Last week, we looked at how Zero (Perceived) Cost can wreak havoc on standard economic theory (briefly summarized as "What do I get?" vs. "What do I give up?" Continuing in that vein ...
Upside-Downside
When it comes to life's choices, we generally tend to weigh the pros and cons (whether objectively or subjectively, whether real or perceived). But when we are faced with the notion of getting something for nothing, something in our brains goes haywire and we will readily accept the offered item.
We also tend to think of it as more valuable than it really is, because we get it for free.
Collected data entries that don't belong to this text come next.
definition contract :: "'a matroid \<Rightarrow> 'a set \<Rightarrow> 'a matroid" where
  "contract N A = \<lparr>carrier = carrier N - A,
     indep = (\<lambda>I. I \<subseteq> carrier N - A \<and> (\<exists>B. basis_of N (A \<inter> carrier N) B \<and> indep N (I \<union> B)))\<rparr>"

definition dotrestr :: "'a matroid \<Rightarrow> 'a set \<Rightarrow> 'a matroid" where
  "dotrestr N X = contract N (carrier N - X)"

definition span :: "'a matroid \<Rightarrow> 'a set \<Rightarrow> 'a set" where
  "span M X = X \<union> {e \<in> carrier M. \<exists>I. I \<subseteq> X \<and> indep M I \<and> \<not> indep M (insert e I)}"

definition spanning :: "'a matroid \<Rightarrow> 'a set \<Rightarrow> bool" where
  "spanning M S \<longleftrightarrow> S \<subseteq> carrier M \<and> span M S = carrier M"

definition hindrance :: "'a matroid \<Rightarrow> 'a matroid \<Rightarrow> 'a set \<Rightarrow> bool" where
  "hindrance M N H \<longleftrightarrow>
     indep (dotrestr N (span M H)) H \<and> \<not> spanning (dotrestr N (span M H)) H"

end

theory Submission
  imports Defs
begin

text \<open>Let \<open>S' = span (M \ A) H\<close> and \<open>S = span M H\<close>, so \<open>S' \<subseteq> S\<close>.
The matroid \<open>(N/A).S'\<close> is \<open>N/A/(E - A - S')\<close>, which is \<open>N/(E - S')\<close>, and
contracting the smaller set \<open>E - S\<close> only creates more independent sets. Hence
every set independent in \<open>(N/A).S'\<close> is independent in \<open>N.S\<close>. So \<open>H\<close> is
independent in \<open>N.S\<close>, and an element \<open>e\<close> witnessing that \<open>H\<close> does not span
\<open>(N/A).S'\<close> makes \<open>H + e\<close> independent in \<open>N.S\<close>, so \<open>H\<close> does not span \<open>N.S\<close>.
The only matroid-theoretic input is that independence in \<open>N/Y\<close> does not
depend on the basis of \<open>Y\<close> used to define it, a base exchange argument.\<close>

lemma matroid_indep_subset:
  assumes "matroid N" "indep N J" "I \<subseteq> J"
  shows "indep N I"
  using assms unfolding matroid_def by metis

lemma matroid_indep_carrier:
  assumes "matroid N" "indep N I"
  shows "I \<subseteq> carrier N"
  using assms unfolding matroid_def by metis

lemma matroid_indep_empty: "matroid N \<Longrightarrow> indep N {}"
  unfolding matroid_def by metis

lemma matroid_augment_to_base:
  assumes "matroid N" "indep N I" "\<not> basis_of N (carrier N) I" "basis_of N (carrier N) B"
  shows "\<exists>x \<in> B - I. indep N (insert x I)"
  using assms unfolding matroid_def by metis

lemma matroid_extend_to_basis:
  assumes "matroid N" "X \<subseteq> carrier N" "indep N I" "I \<subseteq> X"
  shows "\<exists>J. I \<subseteq> J \<and> basis_of N X J"
  using assms unfolding matroid_def by metis

lemma basis_of_maximal:
  assumes "basis_of N X B" "x \<in> X" "indep N (insert x B)"
  shows "x \<in> B"
  using assms unfolding basis_of_def by blast

lemma base_exchange:
  assumes N: "matroid N" and B: "basis_of N (carrier N) B" and T: "basis_of N (carrier N) T"
    and z: "z \<in> B - T"
  shows "\<exists>w \<in> T - B. indep N (insert w (B - {z}))"
proof -
  have "indep N B" using B unfolding basis_of_def by blast
  then have "indep N (B - {z})" using matroid_indep_subset[OF N] by blast
  moreover have "\<not> basis_of N (carrier N) (B - {z})"
  proof
    assume "basis_of N (carrier N) (B - {z})"
    moreover have "B \<subseteq> carrier N" using B unfolding basis_of_def by blast
    ultimately have "B = B - {z}" using \<open>indep N B\<close> unfolding basis_of_def by blast
    then show False using z by blast
  qed
  ultimately obtain w where "w \<in> T - (B - {z})" "indep N (insert w (B - {z}))"
    using matroid_augment_to_base[OF N _ _ T] by blast
  then show ?thesis using z by blast
qed
lemma basis_extension_is_base:
  assumes N: "matroid N" and Q: "basis_of N Y Q" and T: "basis_of N Z T" and "Q \<subseteq> T"
    and B: "basis_of N (carrier N) B" and "B \<subseteq> Y \<union> Z"
  shows "basis_of N (carrier N) T"
proof (rule ccontr)
  assume "\<not> basis_of N (carrier N) T"
  moreover have "indep N T" using T unfolding basis_of_def by blast
  ultimately obtain x where x: "x \<in> B - T" "indep N (insert x T)"
    using matroid_augment_to_base[OF N _ _ B] by blast
  then consider "x \<in> Y" | "x \<in> Z" using \<open>B \<subseteq> Y \<union> Z\<close> by blast
  then show False
  proof cases
    case 1
    have "indep N (insert x Q)"
      using matroid_indep_subset[OF N x(2)] \<open>Q \<subseteq> T\<close> by blast
    then show False using basis_of_maximal[OF Q 1] x(1) \<open>Q \<subseteq> T\<close> by blast
  next
    case 2
    then show False using basis_of_maximal[OF T 2 x(2)] x(1) by blast
  qed
qed

text \<open>Extend \<open>P \<union> Q0\<close> to a base \<open>B\<close>; a basis \<open>T\<close> of \<open>Q1 \<union> (B - Y)\<close> containing \<open>Q1\<close> is a
base, and it contains \<open>B - Y \<supseteq> P\<close>, since exchanging some \<open>z \<in> B - Y\<close> out of \<open>B\<close>
could only bring in an element of \<open>Q1 - B \<subseteq> Y\<close>, contradicting maximality of \<open>Q0\<close>.\<close>
lemma indep_Un_basis_swap:
  assumes N: "matroid N" and Q0: "basis_of N Y Q0" and Q1: "basis_of N Y Q1"
    and "P \<inter> Y = {}" and "indep N (P \<union> Q0)"
  shows "indep N (P \<union> Q1)"
proof -
  obtain B where PQB: "P \<union> Q0 \<subseteq> B" and B: "basis_of N (carrier N) B"
    using matroid_extend_to_basis[OF N order_refl \<open>indep N (P \<union> Q0)\<close>]
      matroid_indep_carrier[OF N \<open>indep N (P \<union> Q0)\<close>] by blast
  have "indep N Q1" "Q1 \<subseteq> Y" "indep N B" "B \<subseteq> carrier N"
    using Q1 B unfolding basis_of_def by auto
  define Z where "Z = Q1 \<union> (B - Y)"
  have "Z \<subseteq> carrier N"
    using matroid_indep_carrier[OF N \<open>indep N Q1\<close>] \<open>B \<subseteq> carrier N\<close> unfolding Z_def by blast
  then obtain T where "Q1 \<subseteq> T" and T: "basis_of N Z T"
    using matroid_extend_to_basis[OF N _ \<open>indep N Q1\<close>] unfolding Z_def by blast
  have "T \<subseteq> Z" "indep N T" using T unfolding basis_of_def by auto
  have "B \<subseteq> Y \<union> Z" unfolding Z_def by blast
  then have T_base: "basis_of N (carrier N) T"
    by (rule basis_extension_is_base[OF N Q1 T \<open>Q1 \<subseteq> T\<close> B])
  have "B - Y \<subseteq> T"
  proof
    fix z assume z: "z \<in> B - Y"
    show "z \<in> T"
    proof (rule ccontr)
      assume "z \<notin> T"
      then obtain w where w: "w \<in> T - B" "indep N (insert w (B - {z}))"
        using base_exchange[OF N B T_base] z by blast
      have "w \<in> Y" using w(1) \<open>T \<subseteq> Z\<close> \<open>Q1 \<subseteq> Y\<close> unfolding Z_def by blast
      have "Q0 \<subseteq> Y" using Q0 unfolding basis_of_def by blast
      then have "insert w Q0 \<subseteq> insert w (B - {z})" using PQB z by blast
      then have "indep N (insert w Q0)" by (rule matroid_indep_subset[OF N w(2)])
      then have "w \<in> Q0" using basis_of_maximal[OF Q0 \<open>w \<in> Y\<close>] by blast
      then show False using w(1) PQB by blast
    qed
  qed
  then have "P \<union> Q1 \<subseteq> T" using PQB \<open>P \<inter> Y = {}\<close> \<open>Q1 \<subseteq> T\<close> by blast
  then show ?thesis using matroid_indep_subset[OF N \<open>indep N T\<close>] by blast
qed

lemma carrier_contract [simp]: "carrier (contract N A) = carrier N - A"
  unfolding contract_def by simp

lemma indep_contract_iff:
  "indep (contract N A) I \<longleftrightarrow>
     I \<subseteq> carrier N - A \<and> (\<exists>B. basis_of N (A \<inter> carrier N) B \<and> indep N (I \<union> B))"
  unfolding contract_def by simp

lemma indep_contract_subset:
  assumes "matroid N" "indep (contract N A) J" "I \<subseteq> J"
  shows "indep (contract N A) I"
proof -
  obtain B where "J \<subseteq> carrier N - A" "basis_of N (A \<inter> carrier N) B" "indep N (J \<union> B)"
    using assms(2) unfolding indep_contract_iff by blast
  moreover have "indep N (I \<union> B)"
    using matroid_indep_subset[OF assms(1) \<open>indep N (J \<union> B)\<close>] assms(3) by blast
  ultimately show ?thesis using assms(3) unfolding indep_contract_iff by blast
qed

lemma indep_contract_antimono:
  assumes N: "matroid N" and I: "indep (contract N Y) I" and "D \<subseteq> Y"
  shows "indep (contract N D) I"
proof -
  obtain Q where Q: "basis_of N (Y \<inter> carrier N) Q" and "indep N (I \<union> Q)"
    and "I \<subseteq> carrier N - Y"
    using I unfolding indep_contract_iff by blast
  obtain B where B: "basis_of N (D \<inter> carrier N) B"
    using matroid_extend_to_basis[OF N _ matroid_indep_empty[OF N]] by blast
  then have "indep N B" "B \<subseteq> Y \<inter> carrier N"
    using \<open>D \<subseteq> Y\<close> unfolding basis_of_def by auto
  then obtain Q' where "B \<subseteq> Q'" and Q': "basis_of N (Y \<inter> carrier N) Q'"
    using matroid_extend_to_basis[OF N, of "Y \<inter> carrier N" B] by blast
  have "indep N (I \<union> Q')"
    using indep_Un_basis_swap[OF N Q Q'] \<open>indep N (I \<union> Q)\<close> \<open>I \<subseteq> carrier N - Y\<close> by blast
  then have "indep N (I \<union> B)"
    using matroid_indep_subset[OF N] \<open>B \<subseteq> Q'\<close> by blast
  then show ?thesis
    using B \<open>I \<subseteq> carrier N - Y\<close> \<open>D \<subseteq> Y\<close> unfolding indep_contract_iff by blast
qed

lemma basis_of_contract_Un:
  assumes N: "matroid N" and "A \<subseteq> carrier N"
    and B1: "basis_of N A B1" and B': "basis_of (contract N A) V B'"
  shows "basis_of N (A \<union> V) (B' \<union> B1)"
proof -
  have A: "A \<inter> carrier N = A" using \<open>A \<subseteq> carrier N\<close> by blast
  have "B' \<subseteq> V" "indep (contract N A) B'" using B' unfolding basis_of_def by auto
  then obtain B where "B' \<subseteq> carrier N - A" "basis_of N A B" "indep N (B' \<union> B)"
    unfolding indep_contract_iff A by blast
  then have indep: "indep N (B' \<union> B1)"
    using indep_Un_basis_swap[OF N _ B1] by blast
  have "B1 \<subseteq> A" using B1 unfolding basis_of_def by blast
  have maximal: "J = B' \<union> B1" if J: "indep N J" "B' \<union> B1 \<subseteq> J" "J \<subseteq> A \<union> V" for J
  proof (rule ccontr)
    assume "J \<noteq> B' \<union> B1"
    then obtain x where x: "x \<in> J" "x \<notin> B' \<union> B1" using J by blast
    then have "insert x B' \<union> B1 \<subseteq> J" using J(2) by blast
    then have ind_x: "indep N (insert x B' \<union> B1)" by (rule matroid_indep_subset[OF N J(1)])
    show False
    proof (cases "x \<in> A")
      case True
      have "indep N (insert x B1)" using matroid_indep_subset[OF N ind_x] by blast
      then show False using basis_of_maximal[OF B1 True] x(2) by blast
    next
      case False
      have "x \<in> V" using J(3) x(1) False by blast
      have "x \<in> carrier N" using matroid_indep_carrier[OF N J(1)] x(1) by blast
      then have "insert x B' \<subseteq> carrier N - A" using \<open>B' \<subseteq> carrier N - A\<close> False by blast
      then have "indep (contract N A) (insert x B')"
        using B1 ind_x unfolding indep_contract_iff A by blast
      then show False using basis_of_maximal[OF B' \<open>x \<in> V\<close>] x(2) by blast
    qed
  qed
  show ?thesis
    unfolding basis_of_def using indep maximal \<open>B' \<subseteq> V\<close> \<open>B1 \<subseteq> A\<close> by blast
qed

lemma indep_contract_contract:
  assumes N: "matroid N" and "A \<subseteq> carrier N" and J: "indep (contract (contract N A) V) J"
  shows "indep (contract N (A \<union> V)) J"
proof -
  have A: "A \<inter> carrier N = A" using \<open>A \<subseteq> carrier N\<close> by blast
  obtain B' where "J \<subseteq> carrier N - A - V"
    and B': "basis_of (contract N A) (V \<inter> (carrier N - A)) B'"
    and "indep (contract N A) (J \<union> B')"
    using J unfolding indep_contract_iff[of "contract N A"] by auto
  then obtain B1 where B1: "basis_of N A B1" and "indep N (J \<union> B' \<union> B1)"
    unfolding indep_contract_iff A by blast
  have "A \<union> V \<inter> (carrier N - A) = (A \<union> V) \<inter> carrier N"
    using \<open>A \<subseteq> carrier N\<close> by blast
  then have "basis_of N ((A \<union> V) \<inter> carrier N) (B' \<union> B1)"
    using basis_of_contract_Un[OF N \<open>A \<subseteq> carrier N\<close> B1 B'] by simp
  moreover have "indep N (J \<union> (B' \<union> B1))"
    using \<open>indep N (J \<union> B' \<union> B1)\<close> by (simp add: Un_assoc)
  ultimately show ?thesis
    using \<open>J \<subseteq> carrier N - A - V\<close> unfolding indep_contract_iff by blast
qed

lemma indep_dotrestr_contract:
  assumes N: "matroid N" and "A \<subseteq> carrier N" and I: "indep (dotrestr (contract N A) X) I"
    and "X \<subseteq> Y"
  shows "indep (dotrestr N Y) I"
proof -
  have "indep (contract N (A \<union> (carrier N - A - X))) I"
    using indep_contract_contract[OF N \<open>A \<subseteq> carrier N\<close>] I unfolding dotrestr_def by simp
  then show ?thesis
    unfolding dotrestr_def using indep_contract_antimono[OF N] \<open>X \<subseteq> Y\<close> by blast
qed

lemma span_delete_subset: "span (delete M A) X \<subseteq> span M X"
  unfolding span_def delete_def by auto

lemma not_spanning_transfer:
  assumes H: "indep N1 H" "\<not> spanning N1 H" "H \<subseteq> carrier N1"
    and "carrier N1 \<subseteq> carrier N2"
    and indep_transfer: "\<And>I. indep N1 I \<Longrightarrow> indep N2 I"
    and hereditary: "\<And>I J. indep N2 J \<Longrightarrow> I \<subseteq> J \<Longrightarrow> indep N2 I"
  shows "\<not> spanning N2 H"
proof
  assume spans: "spanning N2 H"
  have "span N1 H \<subseteq> carrier N1" using H(3) unfolding span_def by blast
  then obtain e where e: "e \<in> carrier N1" "e \<notin> span N1 H"
    using H(2,3) unfolding spanning_def by blast
  then have "e \<notin> H" "indep N1 (insert e H)"
    using H(1) unfolding span_def by blast+
  moreover have "e \<in> span N2 H"
    using spans e(1) \<open>carrier N1 \<subseteq> carrier N2\<close> unfolding spanning_def by blast
  ultimately obtain I where "I \<subseteq> H" "\<not> indep N2 (insert e I)"
    unfolding span_def by blast
  moreover have "insert e I \<subseteq> insert e H" using \<open>I \<subseteq> H\<close> by blast
  ultimately show False
    using hereditary indep_transfer[OF \<open>indep N1 (insert e H)\<close>] by blast
qed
Like Jack Handey said in the old "Saturday Night Live" skit "Deep Thoughts":
"If you ever fall off the Sears Tower, just go real limp, because maybe you'll look like a dummy and people will try to catch you because, hey -- free dummy."
Why is this? Why does the idea of getting something free so entice us?
The Most-Sought-After Discount: 100%
I think part of the reason is because there is no consequence to accepting a free item -- no chance of making a bad decision, no risk of loss.
And we humans are afraid of loss. In fact, we run from it. Some sense of stability, of security, of
predictability is what we seek. We labor to tame the gods.
A real-world example: Amazon.com (
AMZN) came up with this reduced shipping deal in France where, if you bought 125 francs (about $25) worth of stuff, you could get is shipped to you for one franc (about 20 cents). This, however, did not significantly increase online sales.
Then they changed the policy to conform with most of the rest of their worldwide customers: Spend 125 francs and get FREE shipping. Sales skyrocketed.